Oxford BioMedica has entered into a research and development collaboration with Mayo Clinic to develop a novel gene therapy for the treatment of chronic glaucoma. Under the terms of the agreement, Mayo Clinic and Oxford BioMedica will undertake pre-clinical studies to establish the feasibility of treating glaucoma using Oxford BioMedica's proprietary LentiVector gene delivery technology expressing a COX-2 gene and a PGF-2alpha receptor gene in order to reduce intraocular pressure. The collaboration includes an option for exclusive US rights to license Mayo Clinic's glaucoma technology, which Oxford BioMedica can exercise upon completion of pre-clinical studies under confidential terms agreed by Mayo Clinic and Oxford BioMedica.

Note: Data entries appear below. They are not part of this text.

(* Let $n\ge 1$ and $k\ge 1$ be integers and let $m=kn+1$ or $m=kn-1$ (with $m\ge 1$). Then the map $\Delta\mapsto G_m(\Delta)$ is a bijection from the set of zero-normalized $\Gamma_{m,n}$-semimodules onto $Y_{m,n}$.
   Context: Let $m,n$ be coprime positive integers and $\Gamma_{m,n}=\{am+bn: a,b\in\mathbb{Z}_{\ge0}\}$. A $\Gamma_{m,n}$-semimodule is a subset $\Delta\subset\mathbb{Z}_{\ge0}$ with $\Delta+\Gamma_{m,n}\subset\Delta$; it is zero-normalized if $\min\Delta=0$. An $m$-generator of $\Delta$ is an element $a\in\Delta$ with $a-m\notin\Delta$; there are exactly $m$ of them, $a_1<\dots<a_m$. Put $g_m(x)=\#\big(([x,x+n)\cap\mathbb{Z})\setminus\Delta\big)$. The numbers $g_m(a_1)\ge g_m(a_2)\ge\dots\ge g_m(a_m)$ are weakly decreasing, and $G_m(\Delta)$ denotes the Young diagram whose column heights are $g_m(a_1),\dots,g_m(a_m)$. $Y_{m,n}$ denotes the set of Young diagrams (French convention) with column heights $h_1\ge\dots\ge h_m\ge0$ such that each box in column $i$, row $j$ ($1\le j\le h_i$) satisfies $i/m+j/n\le 1$, i.e. diagrams in the $m\times n$ rectangle (width $m$, height $n$) below the diagonal; $G_m(\Delta)\in Y_{m,n}$. *)

theory Defs
  imports Complex_Main
begin

definition Gamma :: "nat \<Rightarrow> nat \<Rightarrow> nat set" where
  "Gamma m n = {a * m + b * n | a b. True}"

definition semimodule :: "nat \<Rightarrow> nat \<Rightarrow> nat set \<Rightarrow> bool" where
  "semimodule m n D \<longleftrightarrow> (\<forall>x\<in>D. \<forall>g\<in>Gamma m n. x + g \<in> D)"
lemma affine_meets_span_of_basis_subset:
  fixes U :: "'a::euclidean_space set"
  assumes "affine U" "U \<noteq> {}"
  obtains x B where "x \<in> U" "B \<subseteq> Basis" "x \<in> span B" "int (card B) + aff_dim U \<le> DIM('a)"
proof -
  obtain a where a: "a \<in> U" using assms(2) by blast
  define L where "L = (+) (- a) ` U"
  have L: "subspace L" unfolding L_def using affine_diffs_subspace[OF assms(1) a] by simp
  have aff_dim_U: "aff_dim U = int (dim L)"
    unfolding L_def by (rule aff_dim_eq_dim) (simp add: a hull_inc)
  obtain BL where BL: "BL \<subseteq> L" "independent BL" "L \<subseteq> span BL" "card BL = dim L"
    using basis_exists by blast
  obtain B' where B': "BL \<subseteq> B'" "B' \<subseteq> BL \<union> Basis" "independent B'" "BL \<union> Basis \<subseteq> span B'"
    using maximal_independent_subset_extend[of BL "BL \<union> Basis"] BL(2) by blast
  define B where "B = B' - BL"
  have "Basis \<subseteq> span B'" using B'(4) by blast
  then have "span B' = UNIV"
    using span_minimal[OF _ subspace_span, of Basis B'] by auto
  moreover have "B' = BL \<union> B" unfolding B_def using B'(1) by blast
  ultimately have "- a \<in> span (BL \<union> B)" by simp
  then obtain l v where lv: "- a = l + v" "l \<in> span BL" "v \<in> span B"
    unfolding span_Un by blast
  have "l \<in> L" using lv(2) span_minimal[OF BL(1) L] by blast
  then obtain u where "u \<in> U" "l = - a + u" unfolding L_def by blast
  moreover have "u = - v" using lv(1) \<open>l = - a + u\<close> by (simp add: eq_neg_iff_add_eq_0)
  ultimately have "- v \<in> U" by simp
  moreover have "- v \<in> span B" using lv(3) by (rule span_neg)
  moreover have "B \<subseteq> Basis" unfolding B_def using B'(2) by blast
  moreover have "int (card B) + aff_dim U \<le> DIM('a)"
  proof -
    have "finite B'" "card B' \<le> DIM('a)" using independent_bound[OF B'(3)] by auto
    moreover have "card BL \<le> card B'" using card_mono[OF \<open>finite B'\<close> B'(1)] .
    ultimately show ?thesis
      unfolding aff_dim_U B_def using B'(1) BL(4) by (simp add: card_Diff_subset finite_subset)
  qed
  ultimately show thesis using that by blast
qed
lemma graded_alt_gauss_sum:
  "graded N (alt_gauss_symbol (real k - 2 * real r) N) (alt_gauss_sum r k N)"
proof (induction N)
  case 0
  have "alt_gauss_symbol (real k - 2 * real r) 0 = (\<lambda>l. of_bool (l = 0))" by (rule ext) simp
  moreover have "eventually (\<lambda>q. \<forall>m. 1 = alt_gauss_sum r k 0 m q) (at 1)"
    using eventually_at_1_gt_0 by eventually_elim (simp add: alt_gauss_sum_0)
  ultimately show ?case by (simp add: graded_cong[OF graded_one])
next
  case (Suc N)
  define h where "h = int k - 2 * int r"
  define \<sigma> where "\<sigma> = alt_gauss_symbol (real k - 2 * real r) N"
  have "graded (Suc N) (\<lambda>l. real_of_int h * \<sigma> (Suc l))
      (\<lambda>m. fdiff h (alt_gauss_sum r k N) (m + 2 * int r))"
    unfolding \<sigma>_def by (intro graded_shift graded_fdiff Suc.IH)
  moreover have "graded (1 + N) (symbol_mult 1 (\<lambda>l. of_bool (l = 1)) \<sigma>)
      (\<lambda>m q. (1 - q powr (real r + of_int m)) * alt_gauss_sum r k N (m + 2 * int r) q)"
    unfolding \<sigma>_def by (intro graded_mult graded_one_minus_powr graded_shift Suc.IH)
  ultimately have sum: "graded (Suc N)
      (\<lambda>l. real_of_int h * \<sigma> (Suc l) + symbol_mult 1 (\<lambda>l. of_bool (l = 1)) \<sigma> l)
      (\<lambda>m q. fdiff h (alt_gauss_sum r k N) (m + 2 * int r) q
             + (1 - q powr (real r + of_int m)) * alt_gauss_sum r k N (m + 2 * int r) q)"
    by (intro graded_add) simp_all
  have symbol: "(\<lambda>l. real_of_int h * \<sigma> (Suc l) + symbol_mult 1 (\<lambda>l. of_bool (l = 1)) \<sigma> l)
      = alt_gauss_symbol (real k - 2 * real r) (Suc N)"
    unfolding symbol_mult_indicator_1 by (rule ext) (simp add: \<sigma>_def h_def)
  have "eventually (\<lambda>q. \<forall>m. fdiff h (alt_gauss_sum r k N) (m + 2 * int r) q
             + (1 - q powr (real r + of_int m)) * alt_gauss_sum r k N (m + 2 * int r) q
      = alt_gauss_sum r k (Suc N) m q) (at 1)"
    using eventually_at_1_gt_0
  proof eventually_elim
    case (elim q)
    have "m + 2 * int r + h = m + int k" for m unfolding h_def by simp
    then show ?case
      by (simp add: fdiff_def alt_gauss_sum_Suc[OF elim] algebra_simps)
  qed
  from graded_cong[OF sum this] show ?case unfolding symbol .
qed

lemma alt_gauss_symbol_eq_0: "N < l \<Longrightarrow> alt_gauss_symbol c N l = 0"
  by (induction N arbitrary: l) auto

lemma alt_gauss_symbol_diag: "alt_gauss_symbol c l l = fact l"
  by (induction l) (simp_all add: alt_gauss_symbol_eq_0)

lemma alt_gauss_symbol_closed_form:
  "alt_gauss_symbol c (l + 2 * j) l * (fact j * 2 ^ j) = c ^ j * fact (l + 2 * j)"
proof (induction j arbitrary: l)
  case 0
  then show ?case by (simp add: alt_gauss_symbol_diag)
next
  case (Suc j)
  note IH_j = Suc.IH
  have scale: "fact (Suc j) * 2 ^ Suc j = (2 * real j + 2) * (fact j * 2 ^ j :: real)"
    by (simp add: algebra_simps)
  show ?case
  proof (induction l)
    case 0
    have "alt_gauss_symbol c (0 + 2 * Suc j) 0 = c * alt_gauss_symbol c (1 + 2 * j) 1"
      by (simp add: numeral_2_eq_2)
    then have "alt_gauss_symbol c (0 + 2 * Suc j) 0 * (fact (Suc j) * 2 ^ Suc j)
        = c * (2 * real j + 2) * c ^ j * fact (1 + 2 * j)"
      unfolding scale using IH_j[of 1] by simp
    also have "\<dots> = c ^ Suc j * fact (0 + 2 * Suc j)"
      by (simp add: fact_Suc algebra_simps)
    finally show ?case .
  next
    case (Suc l)
    define X where "X = alt_gauss_symbol c (Suc (Suc l) + 2 * j) (Suc (Suc l))"
    define Y where "Y = alt_gauss_symbol c (l + 2 * Suc j) l"
    have "alt_gauss_symbol c (Suc l + 2 * Suc j) (Suc l) = c * X + real (Suc l) * Y"
      unfolding X_def Y_def by (simp add: numeral_2_eq_2)
    then have "alt_gauss_symbol c (Suc l + 2 * Suc j) (Suc l) * (fact (Suc j) * 2 ^ Suc j)
        = c * (2 * real j + 2) * (X * (fact j * 2 ^ j)) + real (Suc l) * (Y * (fact (Suc j) * 2 ^ Suc j))"
      by (simp only: scale) (simp add: algebra_simps)
    also have "\<dots> = c * (2 * real j + 2) * (c ^ j * fact (Suc (Suc l) + 2 * j))
          + real (Suc l) * (c ^ Suc j * fact (l + 2 * Suc j))"
      unfolding X_def Y_def IH_j Suc.IH ..
    also have "\<dots> = c ^ Suc j * fact (Suc l + 2 * Suc j)"
      by (simp add: fact_Suc algebra_simps)
    finally show ?case .
  qed
qed

lemma fact_odd: "(fact (2 * n + 1) :: real) = (\<Prod>i<n+1. real (2 * i + 1)) * (fact n * 2 ^ n)"
proof (induction n)
  case (Suc n)
  have "(fact (2 * Suc n + 1) :: real) = real (2 * n + 3) * real (2 * n + 2) * fact (2 * n + 1)"
    by (simp add: fact_Suc algebra_simps numeral_3_eq_3)
  also have "\<dots> = (\<Prod>i<Suc n + 1. real (2 * i + 1)) * (fact (Suc n) * 2 ^ Suc n)"
    unfolding Suc.IH by (simp add: fact_Suc algebra_simps)
  finally show ?case .
qed simp

lemma alt_gauss_symbol_odd_1: "alt_gauss_symbol c (2 * n + 1) 1 = c ^ n * (\<Prod>i<n+1. real (2 * i + 1))"
proof -
  have "alt_gauss_symbol c (2 * n + 1) 1 * (fact n * 2 ^ n)
      = c ^ n * (\<Prod>i<n+1. real (2 * i + 1)) * (fact n * 2 ^ n)"
    using alt_gauss_symbol_closed_form[of c 1 n] fact_odd[of n] by (simp add: add.commute mult_ac)
  then show ?thesis by simp
qed

lemma gauss_binom_symmetric:
  assumes "Q > 0" "Q \<noteq> 1" "j \<le> n"
  shows "gauss_binom Q n (n - j) = gauss_binom Q n j"
  using assms qbinom_symmetric[OF assms(3), of Q]
  by (simp add: qbinom_eq_gauss_binom[symmetric])

lemma alt_gauss_sum_center_eq_0:
  assumes q: "q > 0" "q \<noteq> 1" and "k \<ge> 1" "odd N"
  shows "alt_gauss_sum r k N (- (int r * int N)) q = 0"
proof -
  define t where "t j = (-1) ^ j * q powr (real r * real j ^ 2 - real r * real N * real j)
      * gauss_binom (q ^ k) N j" for j
  have Q: "q ^ k > 0" "q ^ k \<noteq> 1" using q \<open>k \<ge> 1\<close> power_neq_1[OF q] by auto
  have "(\<Sum>j\<le>N. t j) = (\<Sum>j\<le>N. t (N - j))"
    by (rule sum.reindex_bij_witness[of _ "\<lambda>j. N - j" "\<lambda>j. N - j"]) auto
  also have "\<dots> = (\<Sum>j\<le>N. - t j)"
  proof (intro sum.cong refl)
    fix j assume "j \<in> {..N}"
    then have j: "j \<le> N" by simp
    have "(-1::real) ^ (N - j) = - ((-1) ^ j)"
      using \<open>odd N\<close> j by (simp add: minus_one_power_iff even_diff_nat)
    moreover have "real r * real (N - j) ^ 2 - real r * real N * real (N - j)
        = real r * real j ^ 2 - real r * real N * real j"
      using j by (simp add: of_nat_diff power2_eq_square algebra_simps)
    ultimately show "t (N - j) = - t j"
      unfolding t_def using gauss_binom_symmetric[OF Q j] by simp
  qed
  finally have "(\<Sum>j\<le>N. t j) = 0" by (simp add: sum_negf)
  moreover have "alt_gauss_sum r k N (- (int r * int N)) q = (\<Sum>j\<le>N. t j)"
    unfolding alt_gauss_sum_def t_def by (simp add: algebra_simps)
  ultimately show ?thesis by simp
qed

The collaboration builds on earlier pre-clinical research, conducted by Eric Poeschla M.D., Mayo Clinic and his research team, which has established initial proof-of-concept for this approach to treating chronic glaucoma.

Dr. Eric Poeschla at Mayo Clinic, USA, commented: "Numerous aspects of glaucoma are favorable for this approach. The disease's lifelong persistence and the incomplete efficacy and adherence seen with current treatment methods are two of the main problems that make achieving a sustained therapeutic effect via gene therapy an appealing prospect. In addition, the target tissues involved in regulating intraocular pressure are relatively small and confined, which enhances gene delivery feasibility. Finally, we have shown that the approach causes sustained reduction in intraocular pressure in pre-clinical models. We are pleased to collaborate with Oxford BioMedica on research and clinical translation for the treatment of glaucoma."